*Exercise instructions:*
Repeat only the stretch of lines below that runs from the line with "using i by (subst S) auto" through the line with "by (metis filter_True less_one not_less)", unaltered.

(Dataset entries)
Content starts
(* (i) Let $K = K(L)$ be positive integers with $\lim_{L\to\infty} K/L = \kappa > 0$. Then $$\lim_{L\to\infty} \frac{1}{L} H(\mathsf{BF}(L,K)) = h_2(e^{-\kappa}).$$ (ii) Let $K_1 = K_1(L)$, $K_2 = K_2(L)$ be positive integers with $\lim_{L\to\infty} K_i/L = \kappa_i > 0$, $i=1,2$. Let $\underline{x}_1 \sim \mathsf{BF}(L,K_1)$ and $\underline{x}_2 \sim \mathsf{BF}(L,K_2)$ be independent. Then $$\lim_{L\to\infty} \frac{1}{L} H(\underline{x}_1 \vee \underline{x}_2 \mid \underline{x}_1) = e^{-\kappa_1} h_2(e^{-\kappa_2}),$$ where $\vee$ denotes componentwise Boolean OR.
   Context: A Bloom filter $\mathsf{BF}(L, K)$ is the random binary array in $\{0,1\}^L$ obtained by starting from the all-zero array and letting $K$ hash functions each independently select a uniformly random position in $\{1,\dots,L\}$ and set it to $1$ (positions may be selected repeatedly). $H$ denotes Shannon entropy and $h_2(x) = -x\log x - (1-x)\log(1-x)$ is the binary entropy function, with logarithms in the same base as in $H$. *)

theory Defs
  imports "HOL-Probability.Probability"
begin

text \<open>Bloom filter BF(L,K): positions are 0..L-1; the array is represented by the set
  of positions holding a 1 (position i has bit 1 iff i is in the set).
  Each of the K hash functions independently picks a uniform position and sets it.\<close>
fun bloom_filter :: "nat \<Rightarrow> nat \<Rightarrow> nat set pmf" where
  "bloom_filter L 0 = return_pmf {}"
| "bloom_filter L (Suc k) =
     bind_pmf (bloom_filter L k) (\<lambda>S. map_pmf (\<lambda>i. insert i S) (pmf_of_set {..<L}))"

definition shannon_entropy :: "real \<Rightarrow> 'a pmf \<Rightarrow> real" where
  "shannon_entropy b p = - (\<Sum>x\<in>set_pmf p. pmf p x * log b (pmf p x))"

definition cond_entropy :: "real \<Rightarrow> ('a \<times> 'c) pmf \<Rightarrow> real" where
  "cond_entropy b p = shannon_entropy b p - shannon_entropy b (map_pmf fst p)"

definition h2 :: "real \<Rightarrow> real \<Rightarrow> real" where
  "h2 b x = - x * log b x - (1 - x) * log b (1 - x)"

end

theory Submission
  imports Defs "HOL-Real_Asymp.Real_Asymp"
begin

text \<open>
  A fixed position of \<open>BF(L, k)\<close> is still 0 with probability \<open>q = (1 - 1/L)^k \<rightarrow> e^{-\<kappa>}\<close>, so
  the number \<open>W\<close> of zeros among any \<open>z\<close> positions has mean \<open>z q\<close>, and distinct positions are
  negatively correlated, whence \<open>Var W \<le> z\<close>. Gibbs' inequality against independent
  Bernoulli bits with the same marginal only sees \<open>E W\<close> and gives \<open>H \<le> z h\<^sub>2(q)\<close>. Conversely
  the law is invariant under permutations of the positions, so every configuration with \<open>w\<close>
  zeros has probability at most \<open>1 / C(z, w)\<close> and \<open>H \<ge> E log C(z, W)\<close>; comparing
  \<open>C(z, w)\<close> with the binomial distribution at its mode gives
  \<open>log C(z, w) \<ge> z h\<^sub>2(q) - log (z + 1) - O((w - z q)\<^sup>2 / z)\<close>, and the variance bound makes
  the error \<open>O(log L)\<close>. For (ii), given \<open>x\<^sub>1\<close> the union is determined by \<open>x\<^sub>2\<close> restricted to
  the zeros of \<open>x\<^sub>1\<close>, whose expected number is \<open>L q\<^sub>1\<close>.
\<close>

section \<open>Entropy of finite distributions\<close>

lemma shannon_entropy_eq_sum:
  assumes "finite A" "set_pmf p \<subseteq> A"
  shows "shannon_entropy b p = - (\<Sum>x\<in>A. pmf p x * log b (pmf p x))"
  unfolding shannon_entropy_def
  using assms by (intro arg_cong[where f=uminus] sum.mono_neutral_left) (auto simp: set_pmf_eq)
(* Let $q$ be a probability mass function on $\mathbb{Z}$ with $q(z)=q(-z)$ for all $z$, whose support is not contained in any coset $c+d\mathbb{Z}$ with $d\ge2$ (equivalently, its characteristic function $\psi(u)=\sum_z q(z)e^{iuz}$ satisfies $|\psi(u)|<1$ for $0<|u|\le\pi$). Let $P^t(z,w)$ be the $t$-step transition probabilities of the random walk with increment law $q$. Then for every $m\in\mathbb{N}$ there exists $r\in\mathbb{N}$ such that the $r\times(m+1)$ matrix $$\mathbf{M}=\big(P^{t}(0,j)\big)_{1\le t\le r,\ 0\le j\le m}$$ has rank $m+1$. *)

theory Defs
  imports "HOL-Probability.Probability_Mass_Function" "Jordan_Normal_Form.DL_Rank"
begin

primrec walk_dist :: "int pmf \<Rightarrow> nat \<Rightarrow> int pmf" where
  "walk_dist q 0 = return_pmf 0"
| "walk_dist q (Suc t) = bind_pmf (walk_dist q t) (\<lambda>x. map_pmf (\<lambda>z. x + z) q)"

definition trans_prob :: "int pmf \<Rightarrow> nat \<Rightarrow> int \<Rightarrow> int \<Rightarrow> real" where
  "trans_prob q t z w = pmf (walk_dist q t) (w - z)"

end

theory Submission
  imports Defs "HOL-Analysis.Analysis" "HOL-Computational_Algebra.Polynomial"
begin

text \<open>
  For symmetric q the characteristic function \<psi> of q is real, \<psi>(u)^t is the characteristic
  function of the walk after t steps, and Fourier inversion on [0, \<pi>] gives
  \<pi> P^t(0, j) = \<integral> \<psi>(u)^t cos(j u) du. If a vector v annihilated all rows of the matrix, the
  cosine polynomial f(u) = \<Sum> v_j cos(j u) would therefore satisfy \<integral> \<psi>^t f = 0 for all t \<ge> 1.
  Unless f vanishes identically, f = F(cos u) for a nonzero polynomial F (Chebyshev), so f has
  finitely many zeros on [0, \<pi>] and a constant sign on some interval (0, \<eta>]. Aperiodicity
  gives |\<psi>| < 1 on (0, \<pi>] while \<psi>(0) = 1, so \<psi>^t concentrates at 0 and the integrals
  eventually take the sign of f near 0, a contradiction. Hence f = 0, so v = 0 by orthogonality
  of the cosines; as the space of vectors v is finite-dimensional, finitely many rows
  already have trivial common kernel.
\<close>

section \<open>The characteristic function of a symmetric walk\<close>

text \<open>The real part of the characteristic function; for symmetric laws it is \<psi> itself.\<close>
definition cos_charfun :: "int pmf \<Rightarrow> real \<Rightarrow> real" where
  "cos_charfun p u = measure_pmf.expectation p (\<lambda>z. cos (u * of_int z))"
Content ends
Content starts
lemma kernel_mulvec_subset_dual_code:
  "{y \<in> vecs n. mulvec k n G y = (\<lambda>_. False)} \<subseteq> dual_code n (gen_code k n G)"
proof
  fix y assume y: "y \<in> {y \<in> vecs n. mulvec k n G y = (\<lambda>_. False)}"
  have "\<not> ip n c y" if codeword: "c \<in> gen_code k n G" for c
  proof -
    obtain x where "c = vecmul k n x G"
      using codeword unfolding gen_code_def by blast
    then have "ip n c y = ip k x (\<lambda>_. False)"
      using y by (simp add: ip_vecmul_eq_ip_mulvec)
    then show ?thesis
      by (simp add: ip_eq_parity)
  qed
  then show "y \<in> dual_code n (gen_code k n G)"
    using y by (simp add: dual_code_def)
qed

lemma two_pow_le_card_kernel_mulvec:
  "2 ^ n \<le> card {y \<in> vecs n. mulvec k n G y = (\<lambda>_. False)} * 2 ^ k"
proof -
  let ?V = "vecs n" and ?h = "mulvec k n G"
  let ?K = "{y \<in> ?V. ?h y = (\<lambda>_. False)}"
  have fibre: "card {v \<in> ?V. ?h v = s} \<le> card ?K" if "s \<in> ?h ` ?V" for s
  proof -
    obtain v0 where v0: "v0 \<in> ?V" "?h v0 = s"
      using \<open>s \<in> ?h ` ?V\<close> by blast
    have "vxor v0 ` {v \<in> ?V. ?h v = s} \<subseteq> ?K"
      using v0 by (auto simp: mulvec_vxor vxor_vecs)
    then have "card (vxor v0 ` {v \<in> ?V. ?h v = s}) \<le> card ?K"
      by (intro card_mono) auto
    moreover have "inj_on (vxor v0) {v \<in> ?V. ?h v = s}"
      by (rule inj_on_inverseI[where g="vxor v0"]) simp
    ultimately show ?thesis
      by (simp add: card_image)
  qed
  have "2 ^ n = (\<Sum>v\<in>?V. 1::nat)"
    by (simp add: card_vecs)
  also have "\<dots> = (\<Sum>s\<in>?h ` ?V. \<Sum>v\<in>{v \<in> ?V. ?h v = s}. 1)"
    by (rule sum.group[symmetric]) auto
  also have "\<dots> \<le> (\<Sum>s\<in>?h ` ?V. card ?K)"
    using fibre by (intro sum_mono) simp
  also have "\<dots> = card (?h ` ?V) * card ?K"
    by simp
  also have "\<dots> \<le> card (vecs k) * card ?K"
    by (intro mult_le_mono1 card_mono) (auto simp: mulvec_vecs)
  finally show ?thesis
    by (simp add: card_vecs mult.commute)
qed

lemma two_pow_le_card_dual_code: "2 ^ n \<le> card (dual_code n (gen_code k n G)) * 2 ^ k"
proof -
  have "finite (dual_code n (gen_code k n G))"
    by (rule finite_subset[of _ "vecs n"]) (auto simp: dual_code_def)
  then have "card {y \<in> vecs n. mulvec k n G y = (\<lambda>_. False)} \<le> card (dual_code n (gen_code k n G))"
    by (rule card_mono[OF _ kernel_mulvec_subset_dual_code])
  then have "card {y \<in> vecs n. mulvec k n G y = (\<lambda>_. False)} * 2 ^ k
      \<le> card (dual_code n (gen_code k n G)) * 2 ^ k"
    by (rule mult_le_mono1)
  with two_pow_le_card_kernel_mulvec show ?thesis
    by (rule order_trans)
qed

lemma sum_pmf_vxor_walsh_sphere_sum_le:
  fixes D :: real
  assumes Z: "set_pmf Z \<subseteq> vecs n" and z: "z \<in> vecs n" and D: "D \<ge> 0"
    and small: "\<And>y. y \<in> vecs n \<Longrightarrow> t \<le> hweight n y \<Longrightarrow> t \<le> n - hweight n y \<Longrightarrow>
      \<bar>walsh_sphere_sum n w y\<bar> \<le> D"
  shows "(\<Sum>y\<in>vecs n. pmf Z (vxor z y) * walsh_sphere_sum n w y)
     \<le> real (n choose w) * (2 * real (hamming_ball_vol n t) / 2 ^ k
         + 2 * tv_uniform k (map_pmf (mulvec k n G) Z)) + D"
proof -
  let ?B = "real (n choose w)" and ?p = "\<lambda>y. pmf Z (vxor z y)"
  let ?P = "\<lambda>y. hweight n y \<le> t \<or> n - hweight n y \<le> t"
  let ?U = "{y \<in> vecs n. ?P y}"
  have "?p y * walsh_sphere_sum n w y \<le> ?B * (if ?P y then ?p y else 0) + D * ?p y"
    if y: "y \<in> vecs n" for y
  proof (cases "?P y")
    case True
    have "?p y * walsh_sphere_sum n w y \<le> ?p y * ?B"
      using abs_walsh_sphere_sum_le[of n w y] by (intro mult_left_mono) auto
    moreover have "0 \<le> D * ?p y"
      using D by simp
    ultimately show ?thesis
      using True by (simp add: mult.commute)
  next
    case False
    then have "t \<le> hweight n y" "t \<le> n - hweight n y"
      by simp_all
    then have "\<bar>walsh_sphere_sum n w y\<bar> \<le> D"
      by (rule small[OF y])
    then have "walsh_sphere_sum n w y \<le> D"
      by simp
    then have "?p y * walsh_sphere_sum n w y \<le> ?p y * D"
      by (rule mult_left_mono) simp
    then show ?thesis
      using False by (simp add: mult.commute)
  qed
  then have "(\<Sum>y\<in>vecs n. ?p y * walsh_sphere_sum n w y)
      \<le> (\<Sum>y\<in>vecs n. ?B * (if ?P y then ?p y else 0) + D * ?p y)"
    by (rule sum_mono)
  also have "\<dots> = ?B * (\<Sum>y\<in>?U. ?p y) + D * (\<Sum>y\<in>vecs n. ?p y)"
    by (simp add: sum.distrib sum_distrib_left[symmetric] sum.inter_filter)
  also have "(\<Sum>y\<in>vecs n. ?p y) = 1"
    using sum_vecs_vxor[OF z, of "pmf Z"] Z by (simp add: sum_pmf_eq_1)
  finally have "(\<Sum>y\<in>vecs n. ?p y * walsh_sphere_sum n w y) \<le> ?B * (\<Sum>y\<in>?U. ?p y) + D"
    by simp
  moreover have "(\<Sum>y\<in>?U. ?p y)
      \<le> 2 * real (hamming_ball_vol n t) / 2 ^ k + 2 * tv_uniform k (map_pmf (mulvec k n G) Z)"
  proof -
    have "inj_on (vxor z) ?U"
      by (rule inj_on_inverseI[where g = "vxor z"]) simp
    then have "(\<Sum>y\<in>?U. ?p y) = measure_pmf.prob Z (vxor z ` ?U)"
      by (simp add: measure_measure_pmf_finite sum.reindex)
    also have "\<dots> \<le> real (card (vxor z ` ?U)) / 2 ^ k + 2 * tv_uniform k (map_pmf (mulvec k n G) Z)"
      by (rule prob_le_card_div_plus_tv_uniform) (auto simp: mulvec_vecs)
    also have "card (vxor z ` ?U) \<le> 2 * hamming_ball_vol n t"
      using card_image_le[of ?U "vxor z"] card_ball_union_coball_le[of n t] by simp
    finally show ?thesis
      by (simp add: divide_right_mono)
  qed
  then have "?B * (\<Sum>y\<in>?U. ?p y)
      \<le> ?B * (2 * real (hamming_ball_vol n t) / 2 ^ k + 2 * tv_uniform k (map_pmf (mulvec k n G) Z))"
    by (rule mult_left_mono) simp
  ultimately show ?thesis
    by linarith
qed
Content ends
Content starts
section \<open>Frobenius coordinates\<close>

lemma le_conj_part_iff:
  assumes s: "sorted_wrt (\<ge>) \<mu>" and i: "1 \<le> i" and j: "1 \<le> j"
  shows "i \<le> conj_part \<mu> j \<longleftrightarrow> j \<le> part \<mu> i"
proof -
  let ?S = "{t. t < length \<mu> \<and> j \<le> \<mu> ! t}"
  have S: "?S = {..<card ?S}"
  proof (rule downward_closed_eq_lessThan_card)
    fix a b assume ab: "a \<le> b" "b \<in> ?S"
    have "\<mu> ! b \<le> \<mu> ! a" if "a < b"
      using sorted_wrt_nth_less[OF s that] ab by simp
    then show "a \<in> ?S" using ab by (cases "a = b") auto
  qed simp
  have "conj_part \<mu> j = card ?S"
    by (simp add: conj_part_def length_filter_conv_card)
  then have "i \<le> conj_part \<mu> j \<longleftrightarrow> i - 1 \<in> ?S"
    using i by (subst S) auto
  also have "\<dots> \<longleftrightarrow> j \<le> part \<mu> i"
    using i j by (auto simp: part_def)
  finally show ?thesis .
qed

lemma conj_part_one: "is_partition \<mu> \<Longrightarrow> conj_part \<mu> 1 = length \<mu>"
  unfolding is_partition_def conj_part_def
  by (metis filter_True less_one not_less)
Content ends
*Written solution:*
    using i by (subst S) auto
  also have "\<dots> \<longleftrightarrow> j \<le> part \<mu> i"
    using i j by (auto simp: part_def)
  finally show ?thesis .
qed

lemma conj_part_one: "is_partition \<mu> \<Longrightarrow> conj_part \<mu> 1 = length \<mu>"
  unfolding is_partition_def conj_part_def
  by (metis filter_True less_one not_less)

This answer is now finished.